Start at the line in the entries below that contains "(\<forall>i<n. distr M", stop at the line that contains "(\<forall>\<beta>\<in>Rp p. L", and output exactly the lines in that span, both ends included.

*** INPUT Section Begins ***

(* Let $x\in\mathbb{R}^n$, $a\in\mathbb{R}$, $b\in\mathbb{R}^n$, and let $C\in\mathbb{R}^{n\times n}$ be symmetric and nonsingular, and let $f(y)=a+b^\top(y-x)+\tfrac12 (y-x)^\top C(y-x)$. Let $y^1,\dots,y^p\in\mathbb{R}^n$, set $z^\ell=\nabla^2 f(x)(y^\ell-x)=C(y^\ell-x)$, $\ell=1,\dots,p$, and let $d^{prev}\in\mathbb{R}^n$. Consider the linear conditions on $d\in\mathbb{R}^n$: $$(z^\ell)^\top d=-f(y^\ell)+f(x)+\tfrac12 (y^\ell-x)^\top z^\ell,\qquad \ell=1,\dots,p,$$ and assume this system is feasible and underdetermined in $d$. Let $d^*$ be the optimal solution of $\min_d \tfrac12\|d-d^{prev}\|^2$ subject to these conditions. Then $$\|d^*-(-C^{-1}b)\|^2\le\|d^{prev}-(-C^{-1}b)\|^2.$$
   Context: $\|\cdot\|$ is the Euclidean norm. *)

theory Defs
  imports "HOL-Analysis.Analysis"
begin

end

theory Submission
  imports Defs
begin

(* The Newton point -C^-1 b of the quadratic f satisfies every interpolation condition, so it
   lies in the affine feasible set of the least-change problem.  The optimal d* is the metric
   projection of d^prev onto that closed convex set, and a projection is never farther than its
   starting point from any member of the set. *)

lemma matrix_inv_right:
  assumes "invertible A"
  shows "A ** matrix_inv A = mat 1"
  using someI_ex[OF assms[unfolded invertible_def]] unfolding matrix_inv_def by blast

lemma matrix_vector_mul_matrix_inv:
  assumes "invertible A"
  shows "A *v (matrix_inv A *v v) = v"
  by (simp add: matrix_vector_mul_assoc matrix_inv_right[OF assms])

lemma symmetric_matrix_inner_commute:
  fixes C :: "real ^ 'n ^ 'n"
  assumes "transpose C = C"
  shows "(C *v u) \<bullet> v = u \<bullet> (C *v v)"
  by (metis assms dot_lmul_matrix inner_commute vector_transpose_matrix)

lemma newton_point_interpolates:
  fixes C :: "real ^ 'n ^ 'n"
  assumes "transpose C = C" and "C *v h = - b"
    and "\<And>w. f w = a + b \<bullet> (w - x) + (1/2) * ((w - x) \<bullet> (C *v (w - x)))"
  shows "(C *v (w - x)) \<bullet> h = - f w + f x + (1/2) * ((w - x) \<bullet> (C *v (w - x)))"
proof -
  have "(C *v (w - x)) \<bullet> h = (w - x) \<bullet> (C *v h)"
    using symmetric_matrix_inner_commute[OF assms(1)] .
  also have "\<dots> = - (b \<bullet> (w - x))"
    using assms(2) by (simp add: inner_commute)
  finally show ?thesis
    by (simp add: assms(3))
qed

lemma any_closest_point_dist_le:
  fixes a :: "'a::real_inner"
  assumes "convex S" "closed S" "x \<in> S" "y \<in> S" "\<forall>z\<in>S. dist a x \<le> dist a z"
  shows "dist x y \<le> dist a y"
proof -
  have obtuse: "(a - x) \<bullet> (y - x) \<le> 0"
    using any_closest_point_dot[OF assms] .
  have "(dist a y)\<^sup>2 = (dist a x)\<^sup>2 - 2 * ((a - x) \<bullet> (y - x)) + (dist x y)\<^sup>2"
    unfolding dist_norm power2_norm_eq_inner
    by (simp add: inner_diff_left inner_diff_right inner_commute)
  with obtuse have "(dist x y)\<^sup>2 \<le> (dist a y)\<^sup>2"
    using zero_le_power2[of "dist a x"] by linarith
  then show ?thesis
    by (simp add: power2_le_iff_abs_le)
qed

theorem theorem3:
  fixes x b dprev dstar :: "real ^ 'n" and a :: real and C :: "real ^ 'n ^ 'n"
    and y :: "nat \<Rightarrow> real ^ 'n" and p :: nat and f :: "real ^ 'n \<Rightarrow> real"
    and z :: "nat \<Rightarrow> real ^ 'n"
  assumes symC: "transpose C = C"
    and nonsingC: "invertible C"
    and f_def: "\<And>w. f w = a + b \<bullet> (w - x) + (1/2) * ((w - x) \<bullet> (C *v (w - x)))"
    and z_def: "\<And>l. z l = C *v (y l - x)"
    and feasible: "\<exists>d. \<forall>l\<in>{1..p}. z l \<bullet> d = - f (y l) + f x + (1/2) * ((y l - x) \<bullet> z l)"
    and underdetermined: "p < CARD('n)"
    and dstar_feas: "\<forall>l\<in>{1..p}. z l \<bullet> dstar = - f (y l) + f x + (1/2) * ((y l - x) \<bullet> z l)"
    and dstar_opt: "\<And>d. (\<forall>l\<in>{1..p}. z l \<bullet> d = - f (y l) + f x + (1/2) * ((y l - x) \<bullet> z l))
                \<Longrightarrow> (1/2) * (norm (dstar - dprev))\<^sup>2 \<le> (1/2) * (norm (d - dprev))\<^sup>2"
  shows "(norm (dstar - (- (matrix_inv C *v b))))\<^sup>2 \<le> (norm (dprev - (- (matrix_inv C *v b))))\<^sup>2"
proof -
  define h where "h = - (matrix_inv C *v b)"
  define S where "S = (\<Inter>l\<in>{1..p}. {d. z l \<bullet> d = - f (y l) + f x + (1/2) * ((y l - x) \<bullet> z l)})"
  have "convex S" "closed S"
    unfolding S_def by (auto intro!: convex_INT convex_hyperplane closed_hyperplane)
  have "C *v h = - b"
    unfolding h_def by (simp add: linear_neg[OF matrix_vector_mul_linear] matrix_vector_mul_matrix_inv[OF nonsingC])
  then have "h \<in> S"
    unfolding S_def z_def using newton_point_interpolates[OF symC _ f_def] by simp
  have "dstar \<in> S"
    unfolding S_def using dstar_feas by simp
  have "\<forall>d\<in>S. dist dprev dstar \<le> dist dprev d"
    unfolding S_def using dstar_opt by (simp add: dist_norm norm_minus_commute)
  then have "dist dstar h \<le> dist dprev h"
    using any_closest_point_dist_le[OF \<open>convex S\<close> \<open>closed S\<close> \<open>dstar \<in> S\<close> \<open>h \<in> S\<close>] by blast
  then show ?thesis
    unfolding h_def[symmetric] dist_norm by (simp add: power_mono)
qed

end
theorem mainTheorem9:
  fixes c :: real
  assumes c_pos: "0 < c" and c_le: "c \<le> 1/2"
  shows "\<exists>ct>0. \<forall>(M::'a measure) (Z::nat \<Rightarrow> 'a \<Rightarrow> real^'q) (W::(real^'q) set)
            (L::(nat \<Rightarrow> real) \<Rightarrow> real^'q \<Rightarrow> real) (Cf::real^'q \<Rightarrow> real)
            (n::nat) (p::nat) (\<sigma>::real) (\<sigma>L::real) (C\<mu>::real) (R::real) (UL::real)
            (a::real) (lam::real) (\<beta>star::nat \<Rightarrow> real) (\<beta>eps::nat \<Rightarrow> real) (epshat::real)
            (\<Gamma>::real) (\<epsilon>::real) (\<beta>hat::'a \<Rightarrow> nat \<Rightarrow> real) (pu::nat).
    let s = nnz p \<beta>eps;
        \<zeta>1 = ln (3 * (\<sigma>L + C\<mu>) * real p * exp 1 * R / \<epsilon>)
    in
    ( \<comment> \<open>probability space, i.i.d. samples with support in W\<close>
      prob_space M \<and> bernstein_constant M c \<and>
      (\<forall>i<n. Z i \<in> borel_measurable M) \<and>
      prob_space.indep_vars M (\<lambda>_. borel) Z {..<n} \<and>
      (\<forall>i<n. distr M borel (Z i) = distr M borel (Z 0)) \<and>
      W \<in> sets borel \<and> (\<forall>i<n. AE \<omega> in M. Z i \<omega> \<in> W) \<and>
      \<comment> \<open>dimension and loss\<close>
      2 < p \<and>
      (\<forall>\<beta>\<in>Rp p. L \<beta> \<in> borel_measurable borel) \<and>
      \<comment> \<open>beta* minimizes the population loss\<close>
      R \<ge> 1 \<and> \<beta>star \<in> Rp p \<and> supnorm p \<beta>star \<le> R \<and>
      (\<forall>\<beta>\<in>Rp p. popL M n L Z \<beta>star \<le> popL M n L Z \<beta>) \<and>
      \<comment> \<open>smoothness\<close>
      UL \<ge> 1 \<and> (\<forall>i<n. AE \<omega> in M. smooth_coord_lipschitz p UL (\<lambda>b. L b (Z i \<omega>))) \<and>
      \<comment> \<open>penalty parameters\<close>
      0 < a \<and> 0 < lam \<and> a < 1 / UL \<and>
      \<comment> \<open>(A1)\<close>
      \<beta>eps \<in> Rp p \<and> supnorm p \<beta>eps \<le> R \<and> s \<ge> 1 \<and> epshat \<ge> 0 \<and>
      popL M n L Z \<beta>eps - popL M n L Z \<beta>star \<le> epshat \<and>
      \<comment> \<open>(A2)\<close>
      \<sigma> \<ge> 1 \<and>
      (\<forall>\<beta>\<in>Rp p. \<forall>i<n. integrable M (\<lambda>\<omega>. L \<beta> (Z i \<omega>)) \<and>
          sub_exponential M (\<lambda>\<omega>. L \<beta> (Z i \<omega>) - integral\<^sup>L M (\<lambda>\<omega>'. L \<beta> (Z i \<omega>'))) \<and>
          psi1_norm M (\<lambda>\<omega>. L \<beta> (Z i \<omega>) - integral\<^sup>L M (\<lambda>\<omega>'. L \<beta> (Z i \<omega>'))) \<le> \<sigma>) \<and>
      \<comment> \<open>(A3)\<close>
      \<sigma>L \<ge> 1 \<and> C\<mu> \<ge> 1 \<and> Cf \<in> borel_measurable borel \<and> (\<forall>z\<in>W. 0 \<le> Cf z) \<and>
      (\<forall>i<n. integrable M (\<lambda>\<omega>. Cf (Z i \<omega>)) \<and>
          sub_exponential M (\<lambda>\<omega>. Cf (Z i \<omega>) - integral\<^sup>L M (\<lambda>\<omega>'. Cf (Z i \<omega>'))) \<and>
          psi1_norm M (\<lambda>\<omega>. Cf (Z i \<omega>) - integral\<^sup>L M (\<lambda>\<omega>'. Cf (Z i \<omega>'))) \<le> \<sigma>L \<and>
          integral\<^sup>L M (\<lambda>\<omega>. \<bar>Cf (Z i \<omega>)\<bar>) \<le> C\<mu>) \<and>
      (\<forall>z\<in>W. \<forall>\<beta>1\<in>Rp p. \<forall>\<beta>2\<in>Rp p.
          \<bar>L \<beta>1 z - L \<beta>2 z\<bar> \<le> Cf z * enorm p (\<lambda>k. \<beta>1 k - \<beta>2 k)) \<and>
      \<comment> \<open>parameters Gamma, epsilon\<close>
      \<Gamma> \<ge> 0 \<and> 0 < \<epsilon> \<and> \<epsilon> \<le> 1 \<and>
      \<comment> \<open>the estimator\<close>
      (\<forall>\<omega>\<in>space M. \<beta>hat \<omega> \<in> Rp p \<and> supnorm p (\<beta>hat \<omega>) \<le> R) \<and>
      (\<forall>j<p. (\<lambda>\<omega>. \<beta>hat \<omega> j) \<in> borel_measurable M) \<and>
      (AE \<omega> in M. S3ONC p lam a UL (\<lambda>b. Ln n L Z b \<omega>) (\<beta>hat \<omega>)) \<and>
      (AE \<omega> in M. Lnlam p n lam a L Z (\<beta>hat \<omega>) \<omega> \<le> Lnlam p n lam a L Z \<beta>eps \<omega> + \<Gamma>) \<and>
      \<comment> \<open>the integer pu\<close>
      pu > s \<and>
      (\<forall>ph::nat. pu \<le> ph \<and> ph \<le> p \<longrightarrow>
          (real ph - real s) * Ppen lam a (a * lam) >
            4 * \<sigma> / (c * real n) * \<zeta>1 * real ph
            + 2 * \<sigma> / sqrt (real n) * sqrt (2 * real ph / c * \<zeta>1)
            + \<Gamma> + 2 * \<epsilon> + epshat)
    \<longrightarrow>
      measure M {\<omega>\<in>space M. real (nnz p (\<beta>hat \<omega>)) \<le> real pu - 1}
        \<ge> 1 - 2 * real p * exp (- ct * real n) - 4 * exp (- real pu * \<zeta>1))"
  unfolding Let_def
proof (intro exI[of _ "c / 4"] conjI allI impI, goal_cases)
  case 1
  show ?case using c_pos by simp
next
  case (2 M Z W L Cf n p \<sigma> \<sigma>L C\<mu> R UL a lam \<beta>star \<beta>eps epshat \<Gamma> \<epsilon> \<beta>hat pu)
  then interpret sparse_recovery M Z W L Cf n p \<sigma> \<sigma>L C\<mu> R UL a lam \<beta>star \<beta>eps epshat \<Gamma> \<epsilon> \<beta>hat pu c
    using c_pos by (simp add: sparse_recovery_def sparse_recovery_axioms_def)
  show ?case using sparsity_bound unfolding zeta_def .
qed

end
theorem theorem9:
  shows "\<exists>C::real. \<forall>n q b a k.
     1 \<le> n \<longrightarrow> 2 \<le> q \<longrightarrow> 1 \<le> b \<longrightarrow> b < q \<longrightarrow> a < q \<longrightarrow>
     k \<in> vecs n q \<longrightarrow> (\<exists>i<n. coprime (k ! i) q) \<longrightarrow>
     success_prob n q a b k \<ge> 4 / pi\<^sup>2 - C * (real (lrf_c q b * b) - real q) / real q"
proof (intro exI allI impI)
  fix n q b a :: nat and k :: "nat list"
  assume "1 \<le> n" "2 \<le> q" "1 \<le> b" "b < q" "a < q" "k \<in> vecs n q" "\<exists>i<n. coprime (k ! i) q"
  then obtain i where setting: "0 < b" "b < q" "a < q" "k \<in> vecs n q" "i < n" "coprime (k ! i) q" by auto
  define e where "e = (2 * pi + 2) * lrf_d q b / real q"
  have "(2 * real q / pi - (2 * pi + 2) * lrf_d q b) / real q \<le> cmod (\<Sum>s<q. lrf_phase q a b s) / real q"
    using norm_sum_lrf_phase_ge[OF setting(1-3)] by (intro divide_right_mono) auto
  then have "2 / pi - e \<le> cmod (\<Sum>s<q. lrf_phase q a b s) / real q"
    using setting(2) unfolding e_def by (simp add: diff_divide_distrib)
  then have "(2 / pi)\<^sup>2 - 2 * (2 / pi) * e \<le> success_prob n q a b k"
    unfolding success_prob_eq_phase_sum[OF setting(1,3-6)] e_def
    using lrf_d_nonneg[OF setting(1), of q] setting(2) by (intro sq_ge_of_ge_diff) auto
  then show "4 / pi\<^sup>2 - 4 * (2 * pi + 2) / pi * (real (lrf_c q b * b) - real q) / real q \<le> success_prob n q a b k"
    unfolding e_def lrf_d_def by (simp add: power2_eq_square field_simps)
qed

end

*** INPUT Section Ends ***

■ **RESPONSE TO THE EXERCISE**:
      (\<forall>i<n. distr M borel (Z i) = distr M borel (Z 0)) \<and>
      W \<in> sets borel \<and> (\<forall>i<n. AE \<omega> in M. Z i \<omega> \<in> W) \<and>
      \<comment> \<open>dimension and loss\<close>
      2 < p \<and>
      (\<forall>\<beta>\<in>Rp p. L \<beta> \<in> borel_measurable borel) \<and>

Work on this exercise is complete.